### Your assignment
Set down each record exactly as written.

-- Data for review follows --

lemma hpoly_mult_hpoly_path_expansion:
  fixes a b c d q :: complex and N k :: nat
  assumes "k \<le> N" "q \<noteq> 0" "c \<noteq> 0" "d \<noteq> 0"
    and denoms: "\<And>x y :: int. 0 \<le> x \<Longrightarrow> 0 \<le> y \<Longrightarrow> x + y < int N \<Longrightarrow>
        (1 - q powi (x + y) * c * d) \<noteq> 0 \<and> (1 - q powi (x - y) * c / d) \<noteq> 0
        \<and> (1 - q powi (y - x) * d / c) \<noteq> 0"
  shows "hpoly k a q * hpoly (N - k) b q =
    (\<Sum>l\<le>N. smult (\<Sum>P\<in>paths N l. path_wt a b c d q k P) (Rbasis c d N q l))"
proof -
  have "hpoly k a q * hpoly (N - k) b q =
      (\<Sum>P | length P = N. smult (path_wt a b c d q k P) (Rbasis c d N q (length (filter id P))))"
    unfolding hpoly_mult_hpoly_eq_prod_lin_factor[OF assms(1)]
    by (rule prod_lin_factor_eq_path_sum[OF assms(2-4) denoms order.refl])
  also have "\<dots> = (\<Sum>l\<le>N. \<Sum>P\<in>paths N l. smult (path_wt a b c d q k P) (Rbasis c d N q l))"
    by (subst sum.group[symmetric, where g = "\<lambda>P. length (filter id P)" and T = "{..N}"])
      (auto simp: paths_def finite_list_length length_filter_le intro!: sum.cong)
  finally show ?thesis
    by (simp add: smult_sum)
qed

lemma Rcoeffs_eqI:
  assumes indep: "\<And>r. (\<Sum>j\<le>N. smult (r j) (Rbasis c d N q j)) = 0 \<Longrightarrow> \<forall>j\<le>N. r j = 0"
    and "\<forall>l>N. r l = 0"
    and "hpoly k a q * hpoly (N - k) b q = (\<Sum>l\<le>N. smult (r l) (Rbasis c d N q l))"
  shows "Rcoeffs a b c d N q k = r"
  unfolding Rcoeffs_def
proof (rule the_equality)
  fix r' assume r': "(\<forall>l>N. r' l = 0) \<and>
    hpoly k a q * hpoly (N - k) b q = (\<Sum>l\<le>N. smult (r' l) (Rbasis c d N q l))"
  then have "(\<Sum>j\<le>N. smult (r' j - r j) (Rbasis c d N q j)) = 0"
    using assms(3) by (simp add: smult_diff_left sum_subtractf)
  then have "\<forall>j\<le>N. r' j - r j = 0" by (rule indep)
  with r' assms(2) show "r' = r"
    by (metis eq_iff_diff_eq_0 not_le ext)
qed (use assms(2,3) in simp)

lemma paths_eq_empty: "N < l \<Longrightarrow> paths N l = {}"
  unfolding paths_def using length_filter_le[of id] by (auto simp: not_less[symmetric])

theorem mainTheorem10:
  fixes a b c d q :: complex and N k l :: nat
  assumes "k \<le> N" and "l \<le> N"
    and "q \<noteq> 0" and "c \<noteq> 0" and "d \<noteq> 0"
    and indep: "\<And>r. (\<Sum>j\<le>N. smult (r j) (Rbasis c d N q j)) = 0 \<Longrightarrow> \<forall>j\<le>N. r j = 0"
    and denoms: "\<And>x y :: int. 0 \<le> x \<Longrightarrow> 0 \<le> y \<Longrightarrow> x + y < int N \<Longrightarrow>
        (1 - q powi (x + y) * c * d) \<noteq> 0 \<and> (1 - q powi (x - y) * c / d) \<noteq> 0
        \<and> (1 - q powi (y - x) * d / c) \<noteq> 0"
  shows "R k l a b c d N q = (\<Sum>P\<in>paths N l. path_wt a b c d q k P)"
proof -
  have "hpoly k a q * hpoly (N - k) b q =
      (\<Sum>l\<le>N. smult (\<Sum>P\<in>paths N l. path_wt a b c d q k P) (Rbasis c d N q l))"
    using assms(1,3-5) denoms by (rule hpoly_mult_hpoly_path_expansion)
  then have "Rcoeffs a b c d N q k = (\<lambda>l. \<Sum>P\<in>paths N l. path_wt a b c d q k P)"
    by (intro Rcoeffs_eqI[OF indep]) (simp_all add: paths_eq_empty)
  then show ?thesis
    unfolding R_def by simp
qed

end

-- Data for review concluded --

### Finished task
lemma hpoly_mult_hpoly_path_expansion:
  fixes a b c d q :: complex and N k :: nat
  assumes "k \<le> N" "q \<noteq> 0" "c \<noteq> 0" "d \<noteq> 0"
    and denoms: "\<And>x y :: int. 0 \<le> x \<Longrightarrow> 0 \<le> y \<Longrightarrow> x + y < int N \<Longrightarrow>
        (1 - q powi (x + y) * c * d) \<noteq> 0 \<and> (1 - q powi (x - y) * c / d) \<noteq> 0
        \<and> (1 - q powi (y - x) * d / c) \<noteq> 0"
  shows "hpoly k a q * hpoly (N - k) b q =
    (\<Sum>l\<le>N. smult (\<Sum>P\<in>paths N l. path_wt a b c d q k P) (Rbasis c d N q l))"
proof -
  have "hpoly k a q * hpoly (N - k) b q =
      (\<Sum>P | length P = N. smult (path_wt a b c d q k P) (Rbasis c d N q (length (filter id P))))"
    unfolding hpoly_mult_hpoly_eq_prod_lin_factor[OF assms(1)]
    by (rule prod_lin_factor_eq_path_sum[OF assms(2-4) denoms order.refl])
  also have "\<dots> = (\<Sum>l\<le>N. \<Sum>P\<in>paths N l. smult (path_wt a b c d q k P) (Rbasis c d N q l))"
    by (subst sum.group[symmetric, where g = "\<lambda>P. length (filter id P)" and T = "{..N}"])
      (auto simp: paths_def finite_list_length length_filter_le intro!: sum.cong)
  finally show ?thesis
    by (simp add: smult_sum)
qed

lemma Rcoeffs_eqI:
  assumes indep: "\<And>r. (\<Sum>j\<le>N. smult (r j) (Rbasis c d N q j)) = 0 \<Longrightarrow> \<forall>j\<le>N. r j = 0"
    and "\<forall>l>N. r l = 0"
    and "hpoly k a q * hpoly (N - k) b q = (\<Sum>l\<le>N. smult (r l) (Rbasis c d N q l))"
  shows "Rcoeffs a b c d N q k = r"
  unfolding Rcoeffs_def
proof (rule the_equality)
  fix r' assume r': "(\<forall>l>N. r' l = 0) \<and>
    hpoly k a q * hpoly (N - k) b q = (\<Sum>l\<le>N. smult (r' l) (Rbasis c d N q l))"
  then have "(\<Sum>j\<le>N. smult (r' j - r j) (Rbasis c d N q j)) = 0"
    using assms(3) by (simp add: smult_diff_left sum_subtractf)
  then have "\<forall>j\<le>N. r' j - r j = 0" by (rule indep)
  with r' assms(2) show "r' = r"
    by (metis eq_iff_diff_eq_0 not_le ext)
qed (use assms(2,3) in simp)

lemma paths_eq_empty: "N < l \<Longrightarrow> paths N l = {}"
  unfolding paths_def using length_filter_le[of id] by (auto simp: not_less[symmetric])

theorem mainTheorem10:
  fixes a b c d q :: complex and N k l :: nat
  assumes "k \<le> N" and "l \<le> N"
    and "q \<noteq> 0" and "c \<noteq> 0" and "d \<noteq> 0"
    and indep: "\<And>r. (\<Sum>j\<le>N. smult (r j) (Rbasis c d N q j)) = 0 \<Longrightarrow> \<forall>j\<le>N. r j = 0"
    and denoms: "\<And>x y :: int. 0 \<le> x \<Longrightarrow> 0 \<le> y \<Longrightarrow> x + y < int N \<Longrightarrow>
        (1 - q powi (x + y) * c * d) \<noteq> 0 \<and> (1 - q powi (x - y) * c / d) \<noteq> 0
        \<and> (1 - q powi (y - x) * d / c) \<noteq> 0"
  shows "R k l a b c d N q = (\<Sum>P\<in>paths N l. path_wt a b c d q k P)"
proof -
  have "hpoly k a q * hpoly (N - k) b q =
      (\<Sum>l\<le>N. smult (\<Sum>P\<in>paths N l. path_wt a b c d q k P) (Rbasis c d N q l))"
    using assms(1,3-5) denoms by (rule hpoly_mult_hpoly_path_expansion)
  then have "Rcoeffs a b c d N q k = (\<lambda>l. \<Sum>P\<in>paths N l. path_wt a b c d q k P)"
    by (intro Rcoeffs_eqI[OF indep]) (simp_all add: paths_eq_empty)
  then show ?thesis
    unfolding R_def by simp
qed

end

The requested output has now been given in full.